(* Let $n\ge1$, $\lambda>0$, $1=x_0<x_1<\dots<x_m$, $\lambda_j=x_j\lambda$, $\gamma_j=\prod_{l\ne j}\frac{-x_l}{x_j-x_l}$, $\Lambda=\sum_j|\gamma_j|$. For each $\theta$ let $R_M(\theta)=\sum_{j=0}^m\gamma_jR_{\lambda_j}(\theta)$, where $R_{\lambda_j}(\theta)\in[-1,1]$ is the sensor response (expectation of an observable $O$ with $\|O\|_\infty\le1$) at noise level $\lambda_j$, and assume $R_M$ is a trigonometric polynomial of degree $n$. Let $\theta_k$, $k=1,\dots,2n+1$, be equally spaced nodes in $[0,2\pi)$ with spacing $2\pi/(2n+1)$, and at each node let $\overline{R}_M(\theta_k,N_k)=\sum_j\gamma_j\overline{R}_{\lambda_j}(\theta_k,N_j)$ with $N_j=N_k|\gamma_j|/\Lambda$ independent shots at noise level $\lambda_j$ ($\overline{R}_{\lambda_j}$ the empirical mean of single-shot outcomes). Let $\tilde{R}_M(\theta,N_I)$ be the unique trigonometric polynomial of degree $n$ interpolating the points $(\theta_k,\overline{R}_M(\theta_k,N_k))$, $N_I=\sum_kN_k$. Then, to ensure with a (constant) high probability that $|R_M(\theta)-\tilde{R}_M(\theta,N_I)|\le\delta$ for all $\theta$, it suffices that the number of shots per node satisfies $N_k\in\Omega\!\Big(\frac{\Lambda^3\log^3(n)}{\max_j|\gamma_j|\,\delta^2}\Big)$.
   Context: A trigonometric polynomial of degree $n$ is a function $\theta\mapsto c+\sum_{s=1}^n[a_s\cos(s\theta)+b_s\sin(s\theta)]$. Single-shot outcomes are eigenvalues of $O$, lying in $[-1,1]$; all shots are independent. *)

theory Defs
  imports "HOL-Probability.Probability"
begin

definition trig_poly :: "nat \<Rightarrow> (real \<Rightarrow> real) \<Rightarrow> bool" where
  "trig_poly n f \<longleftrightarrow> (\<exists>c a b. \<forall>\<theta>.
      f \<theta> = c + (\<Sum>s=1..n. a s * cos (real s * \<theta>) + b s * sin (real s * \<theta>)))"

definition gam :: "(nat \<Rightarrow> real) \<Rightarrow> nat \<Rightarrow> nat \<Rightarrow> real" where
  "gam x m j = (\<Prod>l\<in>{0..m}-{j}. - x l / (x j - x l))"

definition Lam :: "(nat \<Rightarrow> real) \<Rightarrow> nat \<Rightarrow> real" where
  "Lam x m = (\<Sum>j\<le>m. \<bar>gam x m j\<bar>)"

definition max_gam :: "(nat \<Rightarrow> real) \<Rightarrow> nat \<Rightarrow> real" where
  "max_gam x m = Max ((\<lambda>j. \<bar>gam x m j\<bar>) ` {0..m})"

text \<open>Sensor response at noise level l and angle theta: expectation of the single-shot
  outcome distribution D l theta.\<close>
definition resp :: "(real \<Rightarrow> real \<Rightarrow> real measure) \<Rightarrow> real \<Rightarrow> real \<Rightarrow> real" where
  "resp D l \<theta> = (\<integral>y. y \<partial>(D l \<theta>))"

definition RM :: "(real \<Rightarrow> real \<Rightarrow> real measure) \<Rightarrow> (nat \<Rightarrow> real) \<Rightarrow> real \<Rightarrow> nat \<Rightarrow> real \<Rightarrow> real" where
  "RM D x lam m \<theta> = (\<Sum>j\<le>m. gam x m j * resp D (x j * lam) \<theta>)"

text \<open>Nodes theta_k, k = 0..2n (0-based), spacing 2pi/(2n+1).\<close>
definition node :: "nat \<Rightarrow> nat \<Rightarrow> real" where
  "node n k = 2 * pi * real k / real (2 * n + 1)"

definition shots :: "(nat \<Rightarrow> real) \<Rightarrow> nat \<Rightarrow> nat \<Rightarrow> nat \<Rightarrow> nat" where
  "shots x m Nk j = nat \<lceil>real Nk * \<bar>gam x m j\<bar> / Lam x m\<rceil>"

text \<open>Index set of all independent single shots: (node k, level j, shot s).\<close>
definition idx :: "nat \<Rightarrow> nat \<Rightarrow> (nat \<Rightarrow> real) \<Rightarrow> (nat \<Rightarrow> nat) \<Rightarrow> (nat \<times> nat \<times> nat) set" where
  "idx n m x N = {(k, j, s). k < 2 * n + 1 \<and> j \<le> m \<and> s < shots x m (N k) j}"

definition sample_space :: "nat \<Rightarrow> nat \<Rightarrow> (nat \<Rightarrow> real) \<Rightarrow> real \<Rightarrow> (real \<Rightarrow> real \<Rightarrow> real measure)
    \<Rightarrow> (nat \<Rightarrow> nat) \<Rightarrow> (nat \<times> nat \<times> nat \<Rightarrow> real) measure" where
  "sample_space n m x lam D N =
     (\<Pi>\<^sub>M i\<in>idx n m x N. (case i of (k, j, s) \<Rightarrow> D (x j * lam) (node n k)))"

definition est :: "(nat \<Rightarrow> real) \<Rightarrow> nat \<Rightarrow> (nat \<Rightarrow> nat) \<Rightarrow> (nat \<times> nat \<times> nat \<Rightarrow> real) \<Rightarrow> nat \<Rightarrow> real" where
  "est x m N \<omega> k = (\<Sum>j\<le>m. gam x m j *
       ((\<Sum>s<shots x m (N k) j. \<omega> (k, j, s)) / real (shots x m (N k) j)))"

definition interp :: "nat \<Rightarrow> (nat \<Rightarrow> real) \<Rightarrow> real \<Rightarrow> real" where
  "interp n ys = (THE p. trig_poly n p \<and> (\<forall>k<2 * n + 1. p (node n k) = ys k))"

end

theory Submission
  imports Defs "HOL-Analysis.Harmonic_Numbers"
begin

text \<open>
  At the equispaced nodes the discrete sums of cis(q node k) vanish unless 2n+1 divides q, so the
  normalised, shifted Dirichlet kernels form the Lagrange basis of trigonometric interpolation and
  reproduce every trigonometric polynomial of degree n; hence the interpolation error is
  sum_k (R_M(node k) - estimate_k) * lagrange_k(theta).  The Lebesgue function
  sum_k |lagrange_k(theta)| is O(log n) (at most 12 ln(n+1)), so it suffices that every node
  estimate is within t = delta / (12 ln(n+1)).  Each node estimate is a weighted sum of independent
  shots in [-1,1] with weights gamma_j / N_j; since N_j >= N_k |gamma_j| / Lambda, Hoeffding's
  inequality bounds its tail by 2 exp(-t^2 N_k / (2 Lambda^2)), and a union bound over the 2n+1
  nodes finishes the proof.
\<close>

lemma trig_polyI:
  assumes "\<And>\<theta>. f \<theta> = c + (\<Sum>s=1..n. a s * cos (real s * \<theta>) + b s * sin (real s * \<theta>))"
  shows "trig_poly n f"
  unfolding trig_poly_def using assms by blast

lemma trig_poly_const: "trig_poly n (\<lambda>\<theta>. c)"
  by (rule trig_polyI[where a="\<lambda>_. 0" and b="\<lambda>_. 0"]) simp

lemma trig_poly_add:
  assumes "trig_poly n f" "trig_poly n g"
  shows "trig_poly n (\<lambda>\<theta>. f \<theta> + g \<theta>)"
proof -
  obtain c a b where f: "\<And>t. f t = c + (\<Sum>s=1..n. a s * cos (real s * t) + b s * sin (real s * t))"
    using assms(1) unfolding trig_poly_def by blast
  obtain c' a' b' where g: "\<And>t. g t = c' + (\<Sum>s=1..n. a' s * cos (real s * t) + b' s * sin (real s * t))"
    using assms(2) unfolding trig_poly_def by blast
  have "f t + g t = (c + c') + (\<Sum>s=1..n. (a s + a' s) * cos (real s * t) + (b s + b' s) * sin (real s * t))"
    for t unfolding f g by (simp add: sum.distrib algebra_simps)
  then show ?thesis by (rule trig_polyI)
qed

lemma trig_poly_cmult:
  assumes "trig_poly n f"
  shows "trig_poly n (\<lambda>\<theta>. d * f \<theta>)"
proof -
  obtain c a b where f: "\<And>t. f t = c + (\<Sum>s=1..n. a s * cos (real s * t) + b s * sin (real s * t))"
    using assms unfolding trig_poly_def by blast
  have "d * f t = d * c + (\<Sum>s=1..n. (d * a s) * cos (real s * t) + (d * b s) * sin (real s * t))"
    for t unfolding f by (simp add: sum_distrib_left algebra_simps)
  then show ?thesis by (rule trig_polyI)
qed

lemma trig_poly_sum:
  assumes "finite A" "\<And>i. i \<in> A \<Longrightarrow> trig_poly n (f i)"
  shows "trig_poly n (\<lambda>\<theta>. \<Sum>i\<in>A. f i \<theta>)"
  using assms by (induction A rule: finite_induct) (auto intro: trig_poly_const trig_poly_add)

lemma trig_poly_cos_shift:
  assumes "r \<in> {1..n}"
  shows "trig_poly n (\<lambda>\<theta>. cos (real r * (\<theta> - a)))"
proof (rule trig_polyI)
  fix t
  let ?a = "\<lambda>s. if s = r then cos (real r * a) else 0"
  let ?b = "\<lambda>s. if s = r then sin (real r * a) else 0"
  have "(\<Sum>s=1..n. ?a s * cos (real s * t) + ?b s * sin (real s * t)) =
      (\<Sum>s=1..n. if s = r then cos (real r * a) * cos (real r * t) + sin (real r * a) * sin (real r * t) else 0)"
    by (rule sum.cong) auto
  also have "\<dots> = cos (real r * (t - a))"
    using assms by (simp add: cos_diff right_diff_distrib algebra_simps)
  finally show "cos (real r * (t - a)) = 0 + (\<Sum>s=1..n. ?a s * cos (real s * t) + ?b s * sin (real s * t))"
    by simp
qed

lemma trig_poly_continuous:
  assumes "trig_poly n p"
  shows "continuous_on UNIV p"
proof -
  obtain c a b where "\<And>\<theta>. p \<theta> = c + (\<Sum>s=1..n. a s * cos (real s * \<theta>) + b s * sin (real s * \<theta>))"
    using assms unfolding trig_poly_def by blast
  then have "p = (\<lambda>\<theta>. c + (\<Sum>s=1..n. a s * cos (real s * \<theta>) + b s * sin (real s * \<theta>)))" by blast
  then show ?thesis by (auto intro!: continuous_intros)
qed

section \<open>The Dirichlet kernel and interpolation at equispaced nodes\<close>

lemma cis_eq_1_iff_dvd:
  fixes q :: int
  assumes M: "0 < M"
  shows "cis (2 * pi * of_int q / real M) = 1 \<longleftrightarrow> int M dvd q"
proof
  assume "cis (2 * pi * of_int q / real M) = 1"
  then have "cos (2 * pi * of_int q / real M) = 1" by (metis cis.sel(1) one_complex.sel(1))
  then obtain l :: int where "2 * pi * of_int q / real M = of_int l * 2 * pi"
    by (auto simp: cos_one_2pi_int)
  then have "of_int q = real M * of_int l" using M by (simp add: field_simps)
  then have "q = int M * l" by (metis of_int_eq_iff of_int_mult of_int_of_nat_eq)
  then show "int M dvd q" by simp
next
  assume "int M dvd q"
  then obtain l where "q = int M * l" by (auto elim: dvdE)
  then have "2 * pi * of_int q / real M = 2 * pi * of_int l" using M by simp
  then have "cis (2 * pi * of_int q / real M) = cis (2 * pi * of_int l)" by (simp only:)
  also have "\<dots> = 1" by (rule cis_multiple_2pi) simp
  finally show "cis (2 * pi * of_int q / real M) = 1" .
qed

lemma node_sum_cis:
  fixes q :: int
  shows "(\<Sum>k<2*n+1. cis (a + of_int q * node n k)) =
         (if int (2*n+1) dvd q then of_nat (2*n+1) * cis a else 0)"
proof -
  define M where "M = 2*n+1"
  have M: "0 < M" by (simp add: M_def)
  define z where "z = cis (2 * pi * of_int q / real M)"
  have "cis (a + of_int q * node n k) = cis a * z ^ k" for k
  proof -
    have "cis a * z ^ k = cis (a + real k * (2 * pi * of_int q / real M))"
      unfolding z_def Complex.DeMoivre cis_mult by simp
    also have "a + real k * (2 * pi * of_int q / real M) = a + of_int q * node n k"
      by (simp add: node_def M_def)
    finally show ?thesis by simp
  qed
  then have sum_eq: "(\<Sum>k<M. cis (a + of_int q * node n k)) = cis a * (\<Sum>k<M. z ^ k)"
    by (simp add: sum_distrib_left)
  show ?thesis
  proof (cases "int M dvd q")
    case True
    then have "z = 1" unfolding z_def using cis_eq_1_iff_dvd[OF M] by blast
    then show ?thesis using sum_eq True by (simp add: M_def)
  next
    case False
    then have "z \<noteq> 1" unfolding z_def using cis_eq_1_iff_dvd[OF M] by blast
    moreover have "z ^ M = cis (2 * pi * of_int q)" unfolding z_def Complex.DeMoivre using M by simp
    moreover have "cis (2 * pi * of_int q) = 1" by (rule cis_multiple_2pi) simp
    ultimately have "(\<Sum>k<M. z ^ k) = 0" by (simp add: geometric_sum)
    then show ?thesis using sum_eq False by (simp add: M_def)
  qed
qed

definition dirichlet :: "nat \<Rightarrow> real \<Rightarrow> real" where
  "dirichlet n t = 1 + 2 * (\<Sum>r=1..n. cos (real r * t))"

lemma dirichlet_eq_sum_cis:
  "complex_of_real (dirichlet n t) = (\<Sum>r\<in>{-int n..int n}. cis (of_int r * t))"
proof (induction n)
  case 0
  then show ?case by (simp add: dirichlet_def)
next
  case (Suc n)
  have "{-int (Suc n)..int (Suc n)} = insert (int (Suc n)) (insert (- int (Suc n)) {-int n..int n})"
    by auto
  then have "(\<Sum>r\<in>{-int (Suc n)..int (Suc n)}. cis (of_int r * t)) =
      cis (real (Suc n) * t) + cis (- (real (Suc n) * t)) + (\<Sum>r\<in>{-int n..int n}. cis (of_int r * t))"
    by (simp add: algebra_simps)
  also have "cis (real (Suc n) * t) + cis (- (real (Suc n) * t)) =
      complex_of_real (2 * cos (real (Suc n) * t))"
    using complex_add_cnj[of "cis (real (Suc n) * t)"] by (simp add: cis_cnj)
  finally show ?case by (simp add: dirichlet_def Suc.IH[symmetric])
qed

...

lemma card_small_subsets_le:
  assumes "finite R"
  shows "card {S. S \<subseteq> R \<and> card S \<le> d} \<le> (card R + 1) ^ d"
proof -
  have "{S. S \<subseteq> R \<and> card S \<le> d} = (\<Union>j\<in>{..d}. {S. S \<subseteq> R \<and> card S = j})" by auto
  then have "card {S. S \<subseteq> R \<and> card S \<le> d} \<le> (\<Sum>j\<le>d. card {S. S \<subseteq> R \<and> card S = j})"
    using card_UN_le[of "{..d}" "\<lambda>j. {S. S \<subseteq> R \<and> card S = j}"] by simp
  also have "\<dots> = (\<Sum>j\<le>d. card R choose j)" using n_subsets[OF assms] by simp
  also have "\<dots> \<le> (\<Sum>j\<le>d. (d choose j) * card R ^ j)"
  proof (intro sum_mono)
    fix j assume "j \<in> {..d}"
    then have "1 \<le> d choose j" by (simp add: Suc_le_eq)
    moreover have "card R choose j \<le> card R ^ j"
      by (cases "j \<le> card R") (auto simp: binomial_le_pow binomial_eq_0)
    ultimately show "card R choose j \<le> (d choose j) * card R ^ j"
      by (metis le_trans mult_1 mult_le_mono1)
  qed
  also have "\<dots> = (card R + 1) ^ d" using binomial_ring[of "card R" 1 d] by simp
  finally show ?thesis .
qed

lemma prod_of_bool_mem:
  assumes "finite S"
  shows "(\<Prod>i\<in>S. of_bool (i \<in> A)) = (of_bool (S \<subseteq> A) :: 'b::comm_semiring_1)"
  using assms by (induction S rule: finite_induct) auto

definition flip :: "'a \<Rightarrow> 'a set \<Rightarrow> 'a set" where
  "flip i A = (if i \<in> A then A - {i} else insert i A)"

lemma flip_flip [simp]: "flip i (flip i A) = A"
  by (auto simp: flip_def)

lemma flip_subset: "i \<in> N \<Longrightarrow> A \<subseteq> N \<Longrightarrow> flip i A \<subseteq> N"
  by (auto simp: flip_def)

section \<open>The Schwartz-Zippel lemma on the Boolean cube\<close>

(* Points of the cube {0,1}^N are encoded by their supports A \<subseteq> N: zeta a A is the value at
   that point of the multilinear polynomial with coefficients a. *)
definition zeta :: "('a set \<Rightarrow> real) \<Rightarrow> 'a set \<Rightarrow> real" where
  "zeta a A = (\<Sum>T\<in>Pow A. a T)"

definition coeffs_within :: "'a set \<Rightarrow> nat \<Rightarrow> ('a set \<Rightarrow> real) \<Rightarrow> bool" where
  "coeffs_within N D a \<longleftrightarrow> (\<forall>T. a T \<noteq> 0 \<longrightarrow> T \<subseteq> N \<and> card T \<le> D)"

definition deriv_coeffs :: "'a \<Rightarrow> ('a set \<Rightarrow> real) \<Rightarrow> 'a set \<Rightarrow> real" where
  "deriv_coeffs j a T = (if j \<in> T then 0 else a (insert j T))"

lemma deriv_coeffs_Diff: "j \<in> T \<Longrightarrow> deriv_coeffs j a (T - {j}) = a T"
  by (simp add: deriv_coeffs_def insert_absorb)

> WHAT YOU SHOULD DO
In the entries above, restate word for word the lines between the one holding "by (rule sum.cong) auto" and the one holding "then obtain l where", inclusive, and nothing besides.

> WRITTEN SOLUTION
    by (rule sum.cong) auto
  also have "\<dots> = cos (real r * (t - a))"
    using assms by (simp add: cos_diff right_diff_distrib algebra_simps)
  finally show "cos (real r * (t - a)) = 0 + (\<Sum>s=1..n. ?a s * cos (real s * t) + ?b s * sin (real s * t))"
    by simp
qed

lemma trig_poly_continuous:
  assumes "trig_poly n p"
  shows "continuous_on UNIV p"
proof -
  obtain c a b where "\<And>\<theta>. p \<theta> = c + (\<Sum>s=1..n. a s * cos (real s * \<theta>) + b s * sin (real s * \<theta>))"
    using assms unfolding trig_poly_def by blast
  then have "p = (\<lambda>\<theta>. c + (\<Sum>s=1..n. a s * cos (real s * \<theta>) + b s * sin (real s * \<theta>)))" by blast
  then show ?thesis by (auto intro!: continuous_intros)
qed

section \<open>The Dirichlet kernel and interpolation at equispaced nodes\<close>

lemma cis_eq_1_iff_dvd:
  fixes q :: int
  assumes M: "0 < M"
  shows "cis (2 * pi * of_int q / real M) = 1 \<longleftrightarrow> int M dvd q"
proof
  assume "cis (2 * pi * of_int q / real M) = 1"
  then have "cos (2 * pi * of_int q / real M) = 1" by (metis cis.sel(1) one_complex.sel(1))
  then obtain l :: int where "2 * pi * of_int q / real M = of_int l * 2 * pi"
    by (auto simp: cos_one_2pi_int)
  then have "of_int q = real M * of_int l" using M by (simp add: field_simps)
  then have "q = int M * l" by (metis of_int_eq_iff of_int_mult of_int_of_nat_eq)
  then show "int M dvd q" by simp
next
  assume "int M dvd q"
  then obtain l where "q = int M * l" by (auto elim: dvdE)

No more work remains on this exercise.